### Dataset entries
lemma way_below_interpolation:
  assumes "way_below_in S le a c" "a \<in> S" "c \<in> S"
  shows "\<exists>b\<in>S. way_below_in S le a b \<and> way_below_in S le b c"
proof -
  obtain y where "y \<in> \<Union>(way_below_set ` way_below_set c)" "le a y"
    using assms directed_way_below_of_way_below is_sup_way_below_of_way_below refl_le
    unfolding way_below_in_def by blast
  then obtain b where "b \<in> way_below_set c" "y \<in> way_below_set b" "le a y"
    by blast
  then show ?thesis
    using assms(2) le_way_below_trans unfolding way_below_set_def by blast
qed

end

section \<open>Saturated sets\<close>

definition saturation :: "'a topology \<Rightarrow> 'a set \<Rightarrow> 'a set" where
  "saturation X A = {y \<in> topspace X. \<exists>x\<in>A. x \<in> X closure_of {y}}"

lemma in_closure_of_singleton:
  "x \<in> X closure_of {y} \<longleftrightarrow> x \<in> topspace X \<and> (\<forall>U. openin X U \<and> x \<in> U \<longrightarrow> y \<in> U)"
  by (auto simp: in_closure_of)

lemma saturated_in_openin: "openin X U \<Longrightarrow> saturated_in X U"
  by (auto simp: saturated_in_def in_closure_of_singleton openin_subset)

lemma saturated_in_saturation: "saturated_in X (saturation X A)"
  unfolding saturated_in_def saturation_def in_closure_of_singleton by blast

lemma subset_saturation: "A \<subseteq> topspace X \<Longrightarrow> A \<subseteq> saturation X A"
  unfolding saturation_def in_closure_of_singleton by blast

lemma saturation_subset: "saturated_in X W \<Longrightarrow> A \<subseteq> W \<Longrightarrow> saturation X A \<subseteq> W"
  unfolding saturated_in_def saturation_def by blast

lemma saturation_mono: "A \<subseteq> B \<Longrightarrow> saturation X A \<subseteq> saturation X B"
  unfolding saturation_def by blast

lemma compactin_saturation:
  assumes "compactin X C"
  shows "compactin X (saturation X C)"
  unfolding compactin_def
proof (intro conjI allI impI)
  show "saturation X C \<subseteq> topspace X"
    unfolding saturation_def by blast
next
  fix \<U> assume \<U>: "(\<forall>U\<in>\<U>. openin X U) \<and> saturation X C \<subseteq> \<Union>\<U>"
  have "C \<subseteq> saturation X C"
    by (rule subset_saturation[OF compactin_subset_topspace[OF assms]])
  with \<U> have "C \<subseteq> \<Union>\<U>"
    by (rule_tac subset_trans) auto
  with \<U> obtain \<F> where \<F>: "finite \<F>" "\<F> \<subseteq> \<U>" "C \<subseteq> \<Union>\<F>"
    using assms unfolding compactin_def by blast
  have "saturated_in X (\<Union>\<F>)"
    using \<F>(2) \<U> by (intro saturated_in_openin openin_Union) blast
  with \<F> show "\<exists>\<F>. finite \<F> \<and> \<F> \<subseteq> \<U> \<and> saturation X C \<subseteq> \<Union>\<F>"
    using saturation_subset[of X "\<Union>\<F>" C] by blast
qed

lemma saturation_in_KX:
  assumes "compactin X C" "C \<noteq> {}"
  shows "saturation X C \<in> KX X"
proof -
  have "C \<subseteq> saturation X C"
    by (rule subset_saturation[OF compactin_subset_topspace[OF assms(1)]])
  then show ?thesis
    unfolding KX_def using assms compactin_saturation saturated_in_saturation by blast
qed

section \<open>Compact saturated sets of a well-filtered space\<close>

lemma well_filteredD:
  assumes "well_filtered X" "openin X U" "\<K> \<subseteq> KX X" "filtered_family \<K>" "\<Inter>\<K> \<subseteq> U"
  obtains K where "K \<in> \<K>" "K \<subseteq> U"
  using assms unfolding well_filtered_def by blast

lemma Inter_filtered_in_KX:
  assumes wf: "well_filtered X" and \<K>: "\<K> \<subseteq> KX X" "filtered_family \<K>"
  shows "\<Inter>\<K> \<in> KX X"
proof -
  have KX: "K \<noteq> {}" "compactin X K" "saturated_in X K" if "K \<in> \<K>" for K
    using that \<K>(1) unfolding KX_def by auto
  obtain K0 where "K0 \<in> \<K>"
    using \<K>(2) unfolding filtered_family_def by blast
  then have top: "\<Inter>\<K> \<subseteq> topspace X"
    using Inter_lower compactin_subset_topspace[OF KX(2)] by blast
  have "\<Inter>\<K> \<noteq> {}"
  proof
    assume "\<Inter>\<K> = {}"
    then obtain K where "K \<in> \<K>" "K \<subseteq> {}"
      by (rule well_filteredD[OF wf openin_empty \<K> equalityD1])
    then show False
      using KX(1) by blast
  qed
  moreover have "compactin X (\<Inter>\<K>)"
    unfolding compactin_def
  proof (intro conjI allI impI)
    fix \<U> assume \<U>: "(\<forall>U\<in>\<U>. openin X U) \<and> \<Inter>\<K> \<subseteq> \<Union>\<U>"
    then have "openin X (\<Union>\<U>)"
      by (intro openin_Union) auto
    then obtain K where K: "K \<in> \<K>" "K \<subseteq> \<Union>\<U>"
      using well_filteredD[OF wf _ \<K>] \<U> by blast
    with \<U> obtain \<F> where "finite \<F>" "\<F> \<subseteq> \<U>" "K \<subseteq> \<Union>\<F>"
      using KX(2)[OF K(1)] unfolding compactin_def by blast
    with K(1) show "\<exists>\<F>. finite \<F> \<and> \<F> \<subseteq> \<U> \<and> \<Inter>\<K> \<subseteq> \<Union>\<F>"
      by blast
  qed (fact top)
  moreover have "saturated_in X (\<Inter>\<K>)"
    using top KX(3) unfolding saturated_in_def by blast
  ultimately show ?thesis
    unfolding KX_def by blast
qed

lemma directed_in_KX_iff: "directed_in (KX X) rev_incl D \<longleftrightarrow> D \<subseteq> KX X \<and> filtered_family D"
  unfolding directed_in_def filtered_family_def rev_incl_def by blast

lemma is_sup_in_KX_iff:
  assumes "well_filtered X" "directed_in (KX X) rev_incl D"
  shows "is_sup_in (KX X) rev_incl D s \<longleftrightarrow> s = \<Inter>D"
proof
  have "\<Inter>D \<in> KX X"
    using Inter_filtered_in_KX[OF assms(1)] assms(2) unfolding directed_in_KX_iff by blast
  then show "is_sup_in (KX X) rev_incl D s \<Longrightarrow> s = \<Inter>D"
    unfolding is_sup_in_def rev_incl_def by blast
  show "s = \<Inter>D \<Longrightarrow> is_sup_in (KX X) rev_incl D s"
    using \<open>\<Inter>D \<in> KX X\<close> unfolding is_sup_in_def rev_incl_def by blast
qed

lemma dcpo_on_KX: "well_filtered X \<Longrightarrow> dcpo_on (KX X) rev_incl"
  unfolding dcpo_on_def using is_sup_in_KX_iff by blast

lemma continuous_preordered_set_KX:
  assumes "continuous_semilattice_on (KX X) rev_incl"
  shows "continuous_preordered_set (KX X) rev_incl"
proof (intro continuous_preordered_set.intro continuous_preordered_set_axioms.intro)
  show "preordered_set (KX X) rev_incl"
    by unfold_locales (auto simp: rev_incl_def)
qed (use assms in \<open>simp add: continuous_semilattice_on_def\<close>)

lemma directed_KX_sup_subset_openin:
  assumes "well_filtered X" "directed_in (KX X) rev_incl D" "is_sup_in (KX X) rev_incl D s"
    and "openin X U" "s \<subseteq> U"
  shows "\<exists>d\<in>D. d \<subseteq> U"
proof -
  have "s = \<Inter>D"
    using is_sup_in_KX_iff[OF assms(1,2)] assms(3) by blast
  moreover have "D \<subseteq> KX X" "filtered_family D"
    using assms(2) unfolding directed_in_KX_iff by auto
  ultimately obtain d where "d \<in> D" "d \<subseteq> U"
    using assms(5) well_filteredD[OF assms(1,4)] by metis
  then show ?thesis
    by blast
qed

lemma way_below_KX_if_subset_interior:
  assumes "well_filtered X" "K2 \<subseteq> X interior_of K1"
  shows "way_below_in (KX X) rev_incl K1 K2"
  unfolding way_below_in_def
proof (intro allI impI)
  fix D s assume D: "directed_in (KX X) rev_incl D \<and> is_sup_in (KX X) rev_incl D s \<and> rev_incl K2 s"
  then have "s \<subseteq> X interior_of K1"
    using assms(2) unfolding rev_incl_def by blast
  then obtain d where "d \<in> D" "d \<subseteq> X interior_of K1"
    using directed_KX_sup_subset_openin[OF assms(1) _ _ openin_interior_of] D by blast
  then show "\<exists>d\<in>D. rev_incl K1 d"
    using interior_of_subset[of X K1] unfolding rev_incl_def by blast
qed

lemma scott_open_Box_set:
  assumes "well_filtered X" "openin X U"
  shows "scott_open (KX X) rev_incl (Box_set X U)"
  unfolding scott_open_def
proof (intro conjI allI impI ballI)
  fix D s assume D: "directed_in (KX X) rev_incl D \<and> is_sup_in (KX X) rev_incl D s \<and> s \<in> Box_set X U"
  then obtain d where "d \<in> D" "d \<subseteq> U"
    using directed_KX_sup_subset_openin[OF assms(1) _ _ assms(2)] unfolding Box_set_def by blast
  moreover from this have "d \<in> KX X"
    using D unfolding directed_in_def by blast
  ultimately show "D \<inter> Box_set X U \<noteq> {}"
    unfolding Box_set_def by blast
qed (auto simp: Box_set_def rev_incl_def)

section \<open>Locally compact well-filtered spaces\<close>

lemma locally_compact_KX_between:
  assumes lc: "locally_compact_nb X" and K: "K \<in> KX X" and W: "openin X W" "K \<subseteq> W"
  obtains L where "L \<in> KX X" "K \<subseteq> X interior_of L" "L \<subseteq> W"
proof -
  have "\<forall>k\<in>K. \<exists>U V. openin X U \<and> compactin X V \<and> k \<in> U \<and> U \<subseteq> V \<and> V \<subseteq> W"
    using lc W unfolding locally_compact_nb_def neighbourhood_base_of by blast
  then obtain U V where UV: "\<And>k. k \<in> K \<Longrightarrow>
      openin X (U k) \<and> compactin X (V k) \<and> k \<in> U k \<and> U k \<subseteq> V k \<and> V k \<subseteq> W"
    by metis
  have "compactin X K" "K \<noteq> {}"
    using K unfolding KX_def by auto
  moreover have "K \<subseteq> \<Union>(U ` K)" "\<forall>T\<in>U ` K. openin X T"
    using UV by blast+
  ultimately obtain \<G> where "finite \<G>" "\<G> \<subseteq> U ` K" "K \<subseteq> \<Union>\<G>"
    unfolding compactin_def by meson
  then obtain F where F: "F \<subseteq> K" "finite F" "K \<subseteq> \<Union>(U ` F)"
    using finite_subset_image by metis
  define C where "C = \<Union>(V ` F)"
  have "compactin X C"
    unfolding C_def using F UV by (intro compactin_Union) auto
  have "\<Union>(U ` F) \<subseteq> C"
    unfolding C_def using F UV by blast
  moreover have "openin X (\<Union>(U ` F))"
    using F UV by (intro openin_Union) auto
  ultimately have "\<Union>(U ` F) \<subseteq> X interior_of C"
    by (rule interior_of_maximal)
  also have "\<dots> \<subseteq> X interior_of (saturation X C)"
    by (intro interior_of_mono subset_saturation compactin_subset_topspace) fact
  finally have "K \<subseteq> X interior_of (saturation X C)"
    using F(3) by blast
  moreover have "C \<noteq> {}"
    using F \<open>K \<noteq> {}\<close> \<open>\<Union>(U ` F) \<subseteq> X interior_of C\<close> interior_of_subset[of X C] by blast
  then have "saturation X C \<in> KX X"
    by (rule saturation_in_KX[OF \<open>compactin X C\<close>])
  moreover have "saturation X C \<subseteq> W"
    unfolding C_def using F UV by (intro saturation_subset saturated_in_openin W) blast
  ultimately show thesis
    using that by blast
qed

...

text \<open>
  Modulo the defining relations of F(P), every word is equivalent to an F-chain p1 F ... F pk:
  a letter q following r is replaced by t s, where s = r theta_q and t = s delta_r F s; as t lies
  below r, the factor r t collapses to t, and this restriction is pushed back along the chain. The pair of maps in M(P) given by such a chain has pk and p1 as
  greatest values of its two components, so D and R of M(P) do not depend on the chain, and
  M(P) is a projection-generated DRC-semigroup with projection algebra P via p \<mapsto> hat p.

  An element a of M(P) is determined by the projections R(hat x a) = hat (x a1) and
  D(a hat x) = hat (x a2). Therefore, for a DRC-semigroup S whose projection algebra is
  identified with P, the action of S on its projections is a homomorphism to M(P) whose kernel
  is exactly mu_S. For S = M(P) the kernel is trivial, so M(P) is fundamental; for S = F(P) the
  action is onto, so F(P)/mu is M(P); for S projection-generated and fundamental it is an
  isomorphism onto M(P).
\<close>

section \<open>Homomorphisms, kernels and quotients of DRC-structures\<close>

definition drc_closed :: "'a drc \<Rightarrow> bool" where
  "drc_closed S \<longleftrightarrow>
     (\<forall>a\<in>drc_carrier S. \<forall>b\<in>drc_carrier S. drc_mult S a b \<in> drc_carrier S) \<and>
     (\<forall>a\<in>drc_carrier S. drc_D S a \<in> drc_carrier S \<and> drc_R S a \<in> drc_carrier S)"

### ASSIGNMENT
Which lines run from the one holding "using assms unfolding well_filtered_def" through the one holding "using \<K>(2) unfolding" in the records above? Repeat them exactly, both included, and nothing more.

### ANSWER SECTION
  using assms unfolding well_filtered_def by blast

lemma Inter_filtered_in_KX:
  assumes wf: "well_filtered X" and \<K>: "\<K> \<subseteq> KX X" "filtered_family \<K>"
  shows "\<Inter>\<K> \<in> KX X"
proof -
  have KX: "K \<noteq> {}" "compactin X K" "saturated_in X K" if "K \<in> \<K>" for K
    using that \<K>(1) unfolding KX_def by auto
  obtain K0 where "K0 \<in> \<K>"
    using \<K>(2) unfolding filtered_family_def by blast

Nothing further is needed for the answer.